Collected data entries:
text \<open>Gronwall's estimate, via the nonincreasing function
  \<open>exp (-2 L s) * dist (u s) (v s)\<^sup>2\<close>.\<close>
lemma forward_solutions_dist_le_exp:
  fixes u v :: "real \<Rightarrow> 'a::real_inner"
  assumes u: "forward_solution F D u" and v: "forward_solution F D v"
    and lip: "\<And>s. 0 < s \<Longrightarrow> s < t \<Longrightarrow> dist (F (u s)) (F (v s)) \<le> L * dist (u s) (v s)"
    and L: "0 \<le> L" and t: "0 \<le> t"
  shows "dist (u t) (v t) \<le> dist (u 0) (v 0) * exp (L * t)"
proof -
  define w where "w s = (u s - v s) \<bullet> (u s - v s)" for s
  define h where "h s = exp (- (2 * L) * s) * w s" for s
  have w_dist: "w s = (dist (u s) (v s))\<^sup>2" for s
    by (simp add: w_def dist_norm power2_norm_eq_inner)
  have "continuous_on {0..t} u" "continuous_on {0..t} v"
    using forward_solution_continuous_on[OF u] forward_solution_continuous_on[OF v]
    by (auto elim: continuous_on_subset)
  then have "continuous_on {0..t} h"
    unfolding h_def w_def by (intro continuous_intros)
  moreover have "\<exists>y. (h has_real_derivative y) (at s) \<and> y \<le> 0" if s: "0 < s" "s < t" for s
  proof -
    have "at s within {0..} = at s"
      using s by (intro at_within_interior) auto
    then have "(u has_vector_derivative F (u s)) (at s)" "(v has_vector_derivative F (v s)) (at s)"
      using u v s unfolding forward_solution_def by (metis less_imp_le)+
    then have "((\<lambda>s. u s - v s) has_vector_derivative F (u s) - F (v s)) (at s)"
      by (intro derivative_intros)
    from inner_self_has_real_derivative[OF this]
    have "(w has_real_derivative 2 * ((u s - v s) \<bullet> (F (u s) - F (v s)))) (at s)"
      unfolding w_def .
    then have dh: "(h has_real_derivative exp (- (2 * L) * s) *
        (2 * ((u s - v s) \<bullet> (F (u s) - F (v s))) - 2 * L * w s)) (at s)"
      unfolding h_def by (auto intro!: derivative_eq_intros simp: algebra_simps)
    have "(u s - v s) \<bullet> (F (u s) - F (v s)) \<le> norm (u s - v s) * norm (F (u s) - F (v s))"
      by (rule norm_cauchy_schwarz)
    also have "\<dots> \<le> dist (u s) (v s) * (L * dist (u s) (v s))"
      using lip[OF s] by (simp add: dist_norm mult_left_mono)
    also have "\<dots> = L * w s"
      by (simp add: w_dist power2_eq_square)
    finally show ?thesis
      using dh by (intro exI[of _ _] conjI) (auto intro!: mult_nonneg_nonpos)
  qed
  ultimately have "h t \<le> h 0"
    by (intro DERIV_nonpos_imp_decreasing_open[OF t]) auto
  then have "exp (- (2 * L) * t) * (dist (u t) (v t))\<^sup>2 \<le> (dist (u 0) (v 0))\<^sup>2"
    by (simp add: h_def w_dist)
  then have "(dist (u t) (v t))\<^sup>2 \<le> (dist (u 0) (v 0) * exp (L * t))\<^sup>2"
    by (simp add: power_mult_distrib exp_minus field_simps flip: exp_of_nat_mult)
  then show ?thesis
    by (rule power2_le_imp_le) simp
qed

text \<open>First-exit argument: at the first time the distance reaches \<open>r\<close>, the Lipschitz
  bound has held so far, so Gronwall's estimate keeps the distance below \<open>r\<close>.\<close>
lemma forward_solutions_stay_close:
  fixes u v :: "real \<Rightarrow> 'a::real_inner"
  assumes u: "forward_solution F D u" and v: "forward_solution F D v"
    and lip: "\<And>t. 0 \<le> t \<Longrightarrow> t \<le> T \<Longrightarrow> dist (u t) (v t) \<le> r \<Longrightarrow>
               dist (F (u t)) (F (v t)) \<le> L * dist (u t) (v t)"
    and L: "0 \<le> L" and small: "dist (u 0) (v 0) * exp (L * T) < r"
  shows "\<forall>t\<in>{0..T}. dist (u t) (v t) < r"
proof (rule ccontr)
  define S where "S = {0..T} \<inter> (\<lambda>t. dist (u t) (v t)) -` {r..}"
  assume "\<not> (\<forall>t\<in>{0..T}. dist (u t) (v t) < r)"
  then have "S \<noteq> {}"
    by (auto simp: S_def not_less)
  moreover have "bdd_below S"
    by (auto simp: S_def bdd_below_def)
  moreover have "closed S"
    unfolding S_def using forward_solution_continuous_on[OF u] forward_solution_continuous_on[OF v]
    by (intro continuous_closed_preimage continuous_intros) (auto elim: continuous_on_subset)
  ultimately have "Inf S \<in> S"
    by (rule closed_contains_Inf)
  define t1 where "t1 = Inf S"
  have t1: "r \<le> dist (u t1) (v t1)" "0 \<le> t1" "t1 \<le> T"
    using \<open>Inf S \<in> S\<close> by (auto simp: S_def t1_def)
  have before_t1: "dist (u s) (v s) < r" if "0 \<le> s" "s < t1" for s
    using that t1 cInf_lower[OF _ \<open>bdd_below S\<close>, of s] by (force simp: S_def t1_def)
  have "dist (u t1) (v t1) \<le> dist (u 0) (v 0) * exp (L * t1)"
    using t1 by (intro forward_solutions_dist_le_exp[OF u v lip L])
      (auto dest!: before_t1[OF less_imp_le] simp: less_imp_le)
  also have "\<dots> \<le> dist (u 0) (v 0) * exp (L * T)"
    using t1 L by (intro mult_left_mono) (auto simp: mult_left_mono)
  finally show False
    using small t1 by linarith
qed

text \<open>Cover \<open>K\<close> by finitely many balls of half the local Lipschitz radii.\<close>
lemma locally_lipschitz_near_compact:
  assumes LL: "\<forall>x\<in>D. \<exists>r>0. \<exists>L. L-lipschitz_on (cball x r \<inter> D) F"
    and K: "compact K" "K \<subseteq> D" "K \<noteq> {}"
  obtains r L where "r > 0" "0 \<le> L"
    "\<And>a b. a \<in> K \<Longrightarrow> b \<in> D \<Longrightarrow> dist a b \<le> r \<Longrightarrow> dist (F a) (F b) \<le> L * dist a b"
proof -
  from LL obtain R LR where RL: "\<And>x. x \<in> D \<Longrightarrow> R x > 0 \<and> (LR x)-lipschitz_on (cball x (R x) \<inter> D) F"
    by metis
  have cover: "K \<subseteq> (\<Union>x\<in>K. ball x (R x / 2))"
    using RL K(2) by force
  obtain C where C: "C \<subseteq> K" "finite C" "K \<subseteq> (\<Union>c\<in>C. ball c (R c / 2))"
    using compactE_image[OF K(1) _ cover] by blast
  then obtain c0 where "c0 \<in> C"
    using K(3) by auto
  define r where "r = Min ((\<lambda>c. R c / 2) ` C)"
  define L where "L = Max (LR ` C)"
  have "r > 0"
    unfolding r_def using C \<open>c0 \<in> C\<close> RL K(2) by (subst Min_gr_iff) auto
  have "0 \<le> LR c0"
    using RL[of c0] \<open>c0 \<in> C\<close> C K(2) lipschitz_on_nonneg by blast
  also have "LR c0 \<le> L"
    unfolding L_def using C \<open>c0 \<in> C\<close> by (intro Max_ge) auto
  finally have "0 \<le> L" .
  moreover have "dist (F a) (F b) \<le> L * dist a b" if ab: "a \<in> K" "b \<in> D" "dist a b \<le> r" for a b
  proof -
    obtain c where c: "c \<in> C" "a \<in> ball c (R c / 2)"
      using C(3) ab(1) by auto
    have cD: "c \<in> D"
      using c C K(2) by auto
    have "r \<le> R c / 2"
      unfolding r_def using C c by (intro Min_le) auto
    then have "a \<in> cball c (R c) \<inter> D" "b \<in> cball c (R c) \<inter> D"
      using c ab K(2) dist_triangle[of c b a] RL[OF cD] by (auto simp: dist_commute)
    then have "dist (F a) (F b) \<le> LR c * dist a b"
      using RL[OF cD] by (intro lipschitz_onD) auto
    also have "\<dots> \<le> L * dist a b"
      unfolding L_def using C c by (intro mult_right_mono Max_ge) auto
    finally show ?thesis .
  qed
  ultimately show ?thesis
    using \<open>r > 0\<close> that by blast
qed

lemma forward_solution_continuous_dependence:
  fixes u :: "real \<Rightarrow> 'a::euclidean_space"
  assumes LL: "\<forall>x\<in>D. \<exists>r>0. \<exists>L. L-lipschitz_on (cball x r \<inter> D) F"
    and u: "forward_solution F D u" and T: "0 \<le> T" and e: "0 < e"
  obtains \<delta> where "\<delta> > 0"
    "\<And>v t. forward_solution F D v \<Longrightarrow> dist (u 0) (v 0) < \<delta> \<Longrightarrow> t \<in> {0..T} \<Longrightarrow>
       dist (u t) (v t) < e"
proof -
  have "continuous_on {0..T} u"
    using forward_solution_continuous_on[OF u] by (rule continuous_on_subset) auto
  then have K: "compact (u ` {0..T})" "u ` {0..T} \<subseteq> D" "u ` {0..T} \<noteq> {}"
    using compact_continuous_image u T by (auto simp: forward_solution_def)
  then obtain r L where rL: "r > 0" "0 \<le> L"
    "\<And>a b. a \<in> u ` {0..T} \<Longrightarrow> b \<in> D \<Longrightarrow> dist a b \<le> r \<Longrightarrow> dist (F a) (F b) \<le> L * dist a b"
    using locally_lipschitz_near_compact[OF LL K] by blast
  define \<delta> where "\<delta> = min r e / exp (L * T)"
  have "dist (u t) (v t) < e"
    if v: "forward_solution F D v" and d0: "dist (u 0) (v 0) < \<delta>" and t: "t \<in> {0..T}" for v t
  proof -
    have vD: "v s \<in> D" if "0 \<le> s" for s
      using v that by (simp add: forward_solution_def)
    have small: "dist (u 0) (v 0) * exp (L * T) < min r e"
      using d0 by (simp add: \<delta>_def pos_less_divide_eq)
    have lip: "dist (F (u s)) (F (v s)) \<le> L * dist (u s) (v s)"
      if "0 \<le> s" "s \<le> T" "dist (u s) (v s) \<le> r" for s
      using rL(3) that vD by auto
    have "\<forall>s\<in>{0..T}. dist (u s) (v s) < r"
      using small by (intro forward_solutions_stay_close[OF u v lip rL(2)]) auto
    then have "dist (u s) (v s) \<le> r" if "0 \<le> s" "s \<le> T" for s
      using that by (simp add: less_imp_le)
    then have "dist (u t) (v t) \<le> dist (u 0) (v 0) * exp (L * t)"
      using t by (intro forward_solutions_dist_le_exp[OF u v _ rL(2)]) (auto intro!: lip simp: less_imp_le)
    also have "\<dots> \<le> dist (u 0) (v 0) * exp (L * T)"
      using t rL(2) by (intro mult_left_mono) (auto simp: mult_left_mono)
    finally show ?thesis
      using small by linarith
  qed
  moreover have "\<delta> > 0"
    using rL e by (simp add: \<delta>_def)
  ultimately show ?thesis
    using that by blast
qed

* * *

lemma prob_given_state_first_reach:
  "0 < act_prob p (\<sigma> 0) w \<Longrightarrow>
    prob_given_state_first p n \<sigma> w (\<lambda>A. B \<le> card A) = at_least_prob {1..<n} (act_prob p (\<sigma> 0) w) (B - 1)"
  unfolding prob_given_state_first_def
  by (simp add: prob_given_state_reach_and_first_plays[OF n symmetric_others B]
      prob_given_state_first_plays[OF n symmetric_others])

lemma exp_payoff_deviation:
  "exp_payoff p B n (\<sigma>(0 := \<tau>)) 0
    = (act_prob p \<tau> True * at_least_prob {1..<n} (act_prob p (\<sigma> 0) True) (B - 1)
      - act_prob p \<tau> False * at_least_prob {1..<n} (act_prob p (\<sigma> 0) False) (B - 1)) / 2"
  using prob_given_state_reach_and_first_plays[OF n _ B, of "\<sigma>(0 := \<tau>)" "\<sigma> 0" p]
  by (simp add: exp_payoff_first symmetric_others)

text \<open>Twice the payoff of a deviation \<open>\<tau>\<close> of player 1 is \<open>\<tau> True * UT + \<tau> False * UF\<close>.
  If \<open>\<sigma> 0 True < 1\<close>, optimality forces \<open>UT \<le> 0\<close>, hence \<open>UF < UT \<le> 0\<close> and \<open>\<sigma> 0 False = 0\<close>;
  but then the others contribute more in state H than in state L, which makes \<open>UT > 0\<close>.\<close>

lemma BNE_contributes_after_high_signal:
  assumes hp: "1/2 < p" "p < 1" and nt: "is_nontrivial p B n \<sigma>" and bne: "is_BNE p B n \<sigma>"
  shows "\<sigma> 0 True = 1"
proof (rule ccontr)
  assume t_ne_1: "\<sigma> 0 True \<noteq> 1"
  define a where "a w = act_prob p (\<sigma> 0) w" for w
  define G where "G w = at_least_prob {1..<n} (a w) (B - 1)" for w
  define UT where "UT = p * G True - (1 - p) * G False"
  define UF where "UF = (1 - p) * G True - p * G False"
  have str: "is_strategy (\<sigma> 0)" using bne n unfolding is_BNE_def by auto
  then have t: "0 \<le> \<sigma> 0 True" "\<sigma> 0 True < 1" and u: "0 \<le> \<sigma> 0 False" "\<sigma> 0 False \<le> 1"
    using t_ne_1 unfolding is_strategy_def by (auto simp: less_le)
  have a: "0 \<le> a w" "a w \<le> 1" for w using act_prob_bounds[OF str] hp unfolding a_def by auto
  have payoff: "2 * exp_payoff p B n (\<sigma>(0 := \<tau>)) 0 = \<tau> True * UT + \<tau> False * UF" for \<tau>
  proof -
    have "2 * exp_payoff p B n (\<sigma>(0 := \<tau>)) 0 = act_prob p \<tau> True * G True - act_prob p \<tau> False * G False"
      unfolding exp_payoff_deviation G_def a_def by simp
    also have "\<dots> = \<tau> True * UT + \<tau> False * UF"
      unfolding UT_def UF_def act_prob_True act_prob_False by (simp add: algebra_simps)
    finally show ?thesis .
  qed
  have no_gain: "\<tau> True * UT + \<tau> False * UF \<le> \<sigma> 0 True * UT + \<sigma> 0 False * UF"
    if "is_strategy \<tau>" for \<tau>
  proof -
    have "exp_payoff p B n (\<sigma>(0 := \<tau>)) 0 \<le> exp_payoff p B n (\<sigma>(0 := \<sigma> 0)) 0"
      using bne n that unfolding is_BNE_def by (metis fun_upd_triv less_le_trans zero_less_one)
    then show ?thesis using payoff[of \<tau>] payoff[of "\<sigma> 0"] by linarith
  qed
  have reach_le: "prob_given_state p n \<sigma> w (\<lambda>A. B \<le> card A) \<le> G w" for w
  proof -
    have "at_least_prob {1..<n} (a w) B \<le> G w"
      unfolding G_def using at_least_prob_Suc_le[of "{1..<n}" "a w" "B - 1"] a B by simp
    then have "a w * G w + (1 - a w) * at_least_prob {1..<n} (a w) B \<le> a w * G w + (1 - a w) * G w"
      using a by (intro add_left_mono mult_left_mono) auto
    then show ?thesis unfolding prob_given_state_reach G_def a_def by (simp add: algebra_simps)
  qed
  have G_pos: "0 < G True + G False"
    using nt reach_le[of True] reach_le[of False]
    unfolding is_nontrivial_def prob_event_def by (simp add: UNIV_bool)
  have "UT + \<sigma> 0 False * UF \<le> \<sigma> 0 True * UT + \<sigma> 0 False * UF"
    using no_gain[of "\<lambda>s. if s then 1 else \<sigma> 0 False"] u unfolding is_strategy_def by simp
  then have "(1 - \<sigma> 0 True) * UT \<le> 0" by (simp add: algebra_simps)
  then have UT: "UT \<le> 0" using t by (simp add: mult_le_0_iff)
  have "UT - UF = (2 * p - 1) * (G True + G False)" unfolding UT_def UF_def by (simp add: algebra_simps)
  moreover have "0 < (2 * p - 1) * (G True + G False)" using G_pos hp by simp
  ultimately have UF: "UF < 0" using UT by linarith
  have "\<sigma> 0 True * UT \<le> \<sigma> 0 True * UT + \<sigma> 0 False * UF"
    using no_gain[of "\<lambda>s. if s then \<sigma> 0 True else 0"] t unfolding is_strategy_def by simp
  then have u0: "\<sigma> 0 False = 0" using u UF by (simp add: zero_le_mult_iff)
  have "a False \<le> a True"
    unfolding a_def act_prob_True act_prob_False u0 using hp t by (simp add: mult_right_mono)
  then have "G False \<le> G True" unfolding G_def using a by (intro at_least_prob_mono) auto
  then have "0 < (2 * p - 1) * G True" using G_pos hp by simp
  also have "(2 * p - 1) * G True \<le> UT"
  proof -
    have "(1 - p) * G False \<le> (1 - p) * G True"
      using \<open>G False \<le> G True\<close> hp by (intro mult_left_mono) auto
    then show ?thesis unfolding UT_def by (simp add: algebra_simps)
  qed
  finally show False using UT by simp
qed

--

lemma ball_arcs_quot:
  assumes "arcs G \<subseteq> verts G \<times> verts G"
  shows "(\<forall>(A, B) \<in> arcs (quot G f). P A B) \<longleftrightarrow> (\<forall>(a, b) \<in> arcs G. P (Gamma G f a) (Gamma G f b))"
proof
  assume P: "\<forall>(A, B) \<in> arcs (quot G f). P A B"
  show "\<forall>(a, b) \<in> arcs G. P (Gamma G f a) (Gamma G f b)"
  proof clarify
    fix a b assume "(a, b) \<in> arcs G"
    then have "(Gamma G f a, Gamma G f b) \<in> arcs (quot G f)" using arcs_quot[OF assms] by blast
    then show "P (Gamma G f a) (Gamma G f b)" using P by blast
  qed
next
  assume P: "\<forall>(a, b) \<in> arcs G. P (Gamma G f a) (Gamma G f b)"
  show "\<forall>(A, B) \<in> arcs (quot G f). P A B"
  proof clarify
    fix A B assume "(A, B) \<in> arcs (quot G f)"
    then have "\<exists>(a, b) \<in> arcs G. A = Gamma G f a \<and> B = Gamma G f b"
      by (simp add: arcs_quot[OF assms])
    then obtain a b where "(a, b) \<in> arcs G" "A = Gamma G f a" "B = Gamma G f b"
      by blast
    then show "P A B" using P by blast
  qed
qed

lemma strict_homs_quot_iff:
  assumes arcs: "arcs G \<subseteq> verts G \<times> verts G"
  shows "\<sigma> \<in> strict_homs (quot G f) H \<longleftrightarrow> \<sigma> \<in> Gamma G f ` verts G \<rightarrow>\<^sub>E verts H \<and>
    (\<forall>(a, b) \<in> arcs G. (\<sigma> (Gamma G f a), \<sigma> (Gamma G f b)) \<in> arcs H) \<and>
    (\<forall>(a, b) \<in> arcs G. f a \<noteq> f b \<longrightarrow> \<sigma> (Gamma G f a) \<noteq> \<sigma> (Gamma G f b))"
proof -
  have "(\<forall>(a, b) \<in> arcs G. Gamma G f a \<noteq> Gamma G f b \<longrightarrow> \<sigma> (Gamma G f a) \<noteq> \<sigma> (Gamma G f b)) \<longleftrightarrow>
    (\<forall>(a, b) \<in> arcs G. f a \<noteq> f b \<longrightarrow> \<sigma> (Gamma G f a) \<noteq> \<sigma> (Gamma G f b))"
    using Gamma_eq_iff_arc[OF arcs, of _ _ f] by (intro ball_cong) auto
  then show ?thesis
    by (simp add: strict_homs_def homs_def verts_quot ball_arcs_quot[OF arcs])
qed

#### Required work
From the data, list each line in which the string "moreover" appears.

#### Answer to the exercise
  moreover have "\<exists>y. (h has_real_derivative y) (at s) \<and> y \<le> 0" if s: "0 < s" "s < t" for s
  moreover have "bdd_below S"
  moreover have "closed S"
  moreover have "dist (F a) (F b) \<le> L * dist a b" if ab: "a \<in> K" "b \<in> D" "dist a b \<le> r" for a b
  moreover have "\<delta> > 0"
  moreover have "0 < (2 * p - 1) * (G True + G False)" using G_pos hp by simp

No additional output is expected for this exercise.